12. 12. 2014

MC-IPC: A Synchronous IPC Protocol with Strict Bandwidth Isolation Guarantees for Mixed-Criticality Multiprocessor Real-Time Systems


Björn B. Brandenburg

MPI SWS


In mixed-criticality real-time systems, tasks of different criticality (i.e., of different "importance" and subject to varying levels of trust) are hosted on a shared hardware platform. In such a setup, highly critical tasks must be temporally and logically isolated from faults in (untrusted) lower-criticality tasks. To ensure the required logical isolation, it is natural to encapsulate shared resources (such as shared data structures, OS services, access to I/O ports, etc.) in resource servers (in the microkernel sense) that are accessed via IPC. To provide the required temporal isolation, the shared resource servers must be accessed with a real-time-aware IPC protocol.
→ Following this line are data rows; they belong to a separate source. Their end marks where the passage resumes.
lemma prepend_cancel: "prepend p t = prepend p t' \<Longrightarrow> t = t'"
proof
  fix i assume "prepend p t = prepend p t'"
  hence "prepend p t (i + length p) = prepend p t' (i + length p)" by simp
  thus "t i = t' i" by (simp add: prepend_def)
qed

lemma prepend_eq_imp_prefix:
  assumes "prepend p t = prepend q t'" "length p \<le> length q"
  shows "prefix p q"
proof -
  have "p = initial_word (length p) (prepend q t')"
    using assms(1) initial_word_prepend[of "length p" p t] by simp
  also have "\<dots> = take (length p) q" using assms(2) by (rule initial_word_prepend)
  finally show ?thesis by (metis take_is_prefix)
qed

lemma prepend_eq_imp_comparable: "prepend p t = prepend q t' \<Longrightarrow> prefix p q \<or> prefix q p"
  by (metis nle_le prepend_eq_imp_prefix)

lemma prepend_eq_all_imp_eq:
  assumes eq: "\<forall>t. prepend q t = prepend q' t"
  shows "q = q'"
proof -
  have no_strict: "\<not> strict_prefix q q'" if "\<forall>t. prepend q t = prepend q' t" for q q'
  proof
    assume "strict_prefix q q'"
    then obtain r where r: "q' = q @ r" "r \<noteq> []" by (auto simp: strict_prefix_def prefix_def)
    define t :: cantor where "t = (\<lambda>_. \<not> r ! 0)"
    \<comment> \<open>\<open>t\<close> would have to start with its own negated first letter\<close>
    have "prepend q t = prepend q (prepend r t)" using that r by (simp add: prepend_append)
    hence "t 0 = prepend r t 0" by (metis prepend_cancel)
    thus False using r(2) by (simp add: t_def prepend_def)
  qed
  show ?thesis
    using prepend_eq_imp_comparable eq no_strict[OF eq] no_strict[of q' q] eq
    by (metis strict_prefix_def)
qed

lemma maps_cylinder_unique: "maps_cylinder f x y \<Longrightarrow> maps_cylinder f x y' \<Longrightarrow> y = y'"
  unfolding maps_cylinder_def using prepend_eq_all_imp_eq by metis

lemma maps_cylinder_append: "maps_cylinder f x y \<Longrightarrow> maps_cylinder f (x @ u) (y @ u)"
  by (simp add: maps_cylinder_def prepend_append)

lemma maps_cylinder_comp: "maps_cylinder f x y \<Longrightarrow> maps_cylinder g y z \<Longrightarrow> maps_cylinder (g \<circ> f) x z"
  by (simp add: maps_cylinder_def)

section \<open>Maximal prefix codes\<close>

lemma prefix_antisym_length: "prefix p q \<Longrightarrow> length q \<le> length p \<Longrightarrow> p = q"
  by (auto simp: prefix_def)

lemma maximal_prefix_code_comparable:
  assumes "maximal_prefix_code P"
  shows "\<exists>p\<in>P. prefix p u \<or> prefix u p"
proof (rule ccontr)
  assume h: "\<not> ?thesis"
  have "prefix_code P" using assms by (simp add: maximal_prefix_code_def)
  hence "prefix_code (insert u P)" using h by (auto simp: prefix_code_def)
  hence "insert u P = P" using assms by (auto simp: maximal_prefix_code_def)
  thus False using h by blast
qed

lemma maximal_prefix_code_cover:
  assumes "finite P" "maximal_prefix_code P"
  shows "\<exists>p\<in>P. \<exists>t. a = prepend p t"
proof -
  define N where "N = Suc (Max (length ` P))"
  obtain p where p: "p \<in> P" "prefix p (initial_word N a) \<or> prefix (initial_word N a) p"
    using maximal_prefix_code_comparable[OF assms(2)] by blast
  have "length p < N" using p(1) assms(1) by (simp add: N_def le_imp_less_Suc)
  hence "prefix p (initial_word N a)" using p(2) prefix_length_le by fastforce
  then obtain r where "initial_word N a = p @ r" by (auto simp: prefix_def)
  hence "a = prepend p (prepend r (\<lambda>i. a (i + N)))"
    using prepend_initial_word[of N a] by (simp add: prepend_append)
  thus ?thesis using p(1) by blast
qed

lemma maximal_prefix_codeI:
  assumes "prefix_code P" "\<And>a. \<exists>p\<in>P. \<exists>t. a = prepend p t"
  shows "maximal_prefix_code P"
  unfolding maximal_prefix_code_def
proof (intro conjI assms(1) allI impI)
  fix Q assume Q: "prefix_code Q \<and> P \<subseteq> Q"
  have "q \<in> P" if q: "q \<in> Q" for q
  proof -
    obtain p t where p: "p \<in> P" "prepend q (\<lambda>_. False) = prepend p t" using assms(2) by blast
    hence "q = p" using Q q prepend_eq_imp_comparable[OF p(2)] by (auto simp: prefix_code_def)
    thus "q \<in> P" using p(1) by simp
  qed
  thus "Q = P" using Q by blast
qed

lemma maximal_prefix_code_prefix:
  assumes "finite P" "maximal_prefix_code P" "Max (length ` P) \<le> length u"
  shows "\<exists>p\<in>P. prefix p u"
proof -
  obtain p t where p: "p \<in> P" "prepend u (\<lambda>_. False) = prepend p t"
    using maximal_prefix_code_cover[OF assms(1,2)] by blast
  have "length p \<le> length u" using p(1) assms by (meson Max_ge finite_imageI image_eqI le_trans)
  thus ?thesis using prepend_eq_imp_prefix[OF p(2)[symmetric]] p(1) by blast
qed

lemma maximal_prefix_code_words_of_length:
  "finite {u::bool list. length u = N}" "maximal_prefix_code {u::bool list. length u = N}"
proof -
  show "finite {u::bool list. length u = N}"
    using finite_lists_length_eq[of "UNIV::bool set" N] by simp
  show "maximal_prefix_code {u::bool list. length u = N}"
  proof (rule maximal_prefix_codeI)
    show "prefix_code {u::bool list. length u = N}"
      unfolding prefix_code_def using prefix_antisym_length by fastforce
    show "\<exists>p\<in>{u. length u = N}. \<exists>t. a = prepend p t" for a
      using prepend_initial_word[of N a] by (metis length_initial_word mem_Collect_eq)
  qed
qed

section \<open>Tables and the group V\<close>

lemma is_table_bij:
  assumes "is_table f P \<phi>"
  shows "bij f"
proof (rule bijI)
  have fin: "finite P" "maximal_prefix_code P" "maximal_prefix_code (\<phi> ` P)" "inj_on \<phi> P"
    and tb: "\<And>p t. p \<in> P \<Longrightarrow> f (prepend p t) = prepend (\<phi> p) t"
    using assms by (auto simp: is_table_def)
  show "inj f"
  proof
    fix a b assume ab: "f a = f b"
    obtain p t where p: "p \<in> P" "a = prepend p t" using maximal_prefix_code_cover[OF fin(1,2)] by blast
    obtain p' t' where p': "p' \<in> P" "b = prepend p' t'" using maximal_prefix_code_cover[OF fin(1,2)] by blast
    have eq: "prepend (\<phi> p) t = prepend (\<phi> p') t'" using ab p p' tb by simp
    hence "\<phi> p = \<phi> p'" using fin(3) p(1) p'(1) prepend_eq_imp_comparable
      unfolding maximal_prefix_code_def prefix_code_def by (metis image_eqI)
    thus "a = b" using eq p p' fin(4) by (metis inj_onD prepend_cancel)
  qed
  show "surj f"
  proof (rule surjI)
    fix b
    obtain q t where "q \<in> \<phi> ` P" "b = prepend q t"
      using maximal_prefix_code_cover[OF _ fin(3)] fin(1) by blast
    thus "f (SOME a. f a = b) = b" using tb by (metis (mono_tags, lifting) imageE someI)
  qed
qed

lemma is_tableI:
  assumes "bij f" "finite P" "maximal_prefix_code P"
    and tb: "\<And>p t. p \<in> P \<Longrightarrow> f (prepend p t) = prepend (\<phi> p) t"
  shows "is_table f P \<phi>"
proof -
  have pc: "prefix_code P" using assms(3) by (simp add: maximal_prefix_code_def)
  have injf: "inj f" using assms(1) bij_is_inj by blast
  have eq_if_prefix: "p = p'" if pp: "p \<in> P" "p' \<in> P" "prefix (\<phi> p) (\<phi> p')" for p p'
  proof -
    obtain r where r: "\<phi> p' = \<phi> p @ r" using pp(3) by (auto simp: prefix_def)
    have "f (prepend p' (\<lambda>_. False)) = f (prepend p (prepend r (\<lambda>_. False)))"
      using tb[OF pp(1)] tb[OF pp(2)] r by (simp add: prepend_append)
    hence "prepend p' (\<lambda>_. False) = prepend p (prepend r (\<lambda>_. False))" using injf by (meson injD)
    thus "p = p'" using prepend_eq_imp_comparable pc pp(1,2) by (metis prefix_code_def)
  qed
  have "inj_on \<phi> P" by (rule inj_onI) (simp add: eq_if_prefix)
  moreover have "prefix_code (\<phi> ` P)"
    unfolding prefix_code_def using eq_if_prefix by blast
  moreover have "\<exists>q\<in>\<phi> ` P. \<exists>t. b = prepend q t" for b
  proof -
    obtain a where a: "b = f a" using assms(1) by (metis bij_pointE)
    obtain p t where "p \<in> P" "a = prepend p t" using maximal_prefix_code_cover[OF assms(2,3)] by blast
    thus ?thesis using a tb by blast
  qed
  ultimately show ?thesis
    unfolding is_table_def using assms(2,3) tb maximal_prefix_codeI by blast
qed

lemma is_table_cong:
  assumes "is_table f P \<phi>" "\<And>p. p \<in> P \<Longrightarrow> \<phi> p = \<psi> p"
  shows "is_table f P \<psi>"
  using assms inj_on_cong[of P \<phi> \<psi>] image_cong[of P P \<phi> \<psi>] unfolding is_table_def by simp

lemma is_table_maps_cylinder:
  assumes "is_table f P \<phi>" "p \<in> P" "prefix p u"
  shows "maps_cylinder f u (\<phi> p @ drop (length p) u)"
proof -
  have "maps_cylinder f p (\<phi> p)" using assms(1,2) by (simp add: is_table_def maps_cylinder_def)
  hence "maps_cylinder f (p @ drop (length p) u) (\<phi> p @ drop (length p) u)"
    by (rule maps_cylinder_append)
  thus ?thesis using assms(3) by (metis append_take_drop_id prefix_def append_eq_conv_conj)
qed

lemma ThompsonV_bij: "f \<in> ThompsonV \<Longrightarrow> bij f"
  unfolding ThompsonV_def using is_table_bij by blast

lemma ThompsonV_id: "id \<in> ThompsonV"
proof -
  have "maximal_prefix_code {[]}" by (rule maximal_prefix_codeI) (auto simp: prefix_code_def)
  hence "is_table id {[]} id" by (intro is_tableI) auto
  thus ?thesis by (auto simp: ThompsonV_def)
qed

lemma ThompsonV_comp:
  assumes "f \<in> ThompsonV" "g \<in> ThompsonV"
  shows "g \<circ> f \<in> ThompsonV"
proof -
  obtain P \<phi> where tf: "is_table f P \<phi>" using assms(1) by (auto simp: ThompsonV_def)
  obtain Q \<psi> where tg: "is_table g Q \<psi>" using assms(2) by (auto simp: ThompsonV_def)
  define D where "D = {u::bool list. length u = Max (length ` P) + Max (length ` Q)}"
  \<comment> \<open>words this long get through both tables without reaching their ends\<close>
  have "\<exists>z. maps_cylinder (g \<circ> f) u z" if u: "u \<in> D" for u
  proof -
    obtain p where p: "p \<in> P" "prefix p u"
      using maximal_prefix_code_prefix[of P u] tf u by (auto simp: is_table_def D_def)
    have "length p \<le> Max (length ` P)" using p(1) tf by (auto simp: is_table_def)
    moreover define v where "v = \<phi> p @ drop (length p) u"
    ultimately have "Max (length ` Q) \<le> length v" using u by (simp add: D_def)
    then obtain q where q: "q \<in> Q" "prefix q v"
      using maximal_prefix_code_prefix[of Q v] tg by (auto simp: is_table_def)
    show ?thesis
      using is_table_maps_cylinder[OF tf p] is_table_maps_cylinder[OF tg q] maps_cylinder_comp
      unfolding v_def by blast
  qed
  then obtain \<chi> where "\<And>u. u \<in> D \<Longrightarrow> maps_cylinder (g \<circ> f) u (\<chi> u)" by metis
  hence "is_table (g \<circ> f) D \<chi>"
    using ThompsonV_bij[OF assms(1)] ThompsonV_bij[OF assms(2)] bij_comp
      maximal_prefix_code_words_of_length
    by (intro is_tableI) (auto simp: D_def maps_cylinder_def)
  thus ?thesis by (auto simp: ThompsonV_def)
qed

lemma eval_word_ThompsonV: "set ws \<subseteq> ThompsonV \<Longrightarrow> eval_word ws \<in> ThompsonV"
  by (induction ws) (auto simp: ThompsonV_id ThompsonV_comp)

section \<open>The table with fewest entries\<close>

lemma maximal_prefix_code_sibling:
  assumes "finite P" "maximal_prefix_code P" "p \<in> P" "strict_prefix x p"
  shows "\<exists>q\<in>P. q \<noteq> p \<and> prefix x q"
proof -
  have pc: "prefix_code P" using assms(2) by (simp add: maximal_prefix_code_def)
  define b where "b = p ! length x"
  define x' where "x' = x @ [\<not> b]"
  have not_pref: "\<not> prefix x' p"
  proof
    assume "prefix x' p"
    then obtain zs where "p = x @ [\<not> b] @ zs" by (auto simp: x'_def prefix_def)
    hence "p ! length x = (\<not> b)" by simp
    thus False using b_def by blast
  qed
  obtain q t where q: "q \<in> P" "prepend x' (\<lambda>_. False) = prepend q t"
    using maximal_prefix_code_cover[OF assms(1,2)] by blast
  have "prefix x' q \<or> prefix q x'" by (rule prepend_eq_imp_comparable[OF q(2)])
  then consider "prefix x' q" | "prefix q x" by (auto simp: x'_def)
  thus ?thesis
  proof cases
    case 1
    hence "prefix x q" unfolding x'_def by (rule append_prefixD)
    moreover have "q \<noteq> p" using 1 not_pref by auto
    ultimately show ?thesis using q(1) by blast
  next
    case 2
    have "prefix q p" using prefix_order.le_less_trans[OF 2 assms(4)] by (rule prefix_order.less_imp_le)
    hence "q = p" using pc q(1) assms(3) by (simp add: prefix_code_def)
    thus ?thesis using 2 assms(4) prefix_order.le_less_trans by blast
  qed
qed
This talk will present MC-IPC, the first such protocol for sharing single-threaded resource servers on multiprocessors among mutually untrusted clients of differing criticality. Assuming reservation-based scheduling, the MC-IPC protocol ensures strict bandwidth isolation by leveraging and extending recent advances in suspension-oblivious multiprocessor real-time locking. In this talk, I will introduce the protocol, explain how the isolation guarantees are derived from an unusual three-level, multi-ended hybrid FIFO-FIFO-priority queue, and present empirical results from a case study investigating several antagonistic failure modes based on an implementation in LITMUS^RT.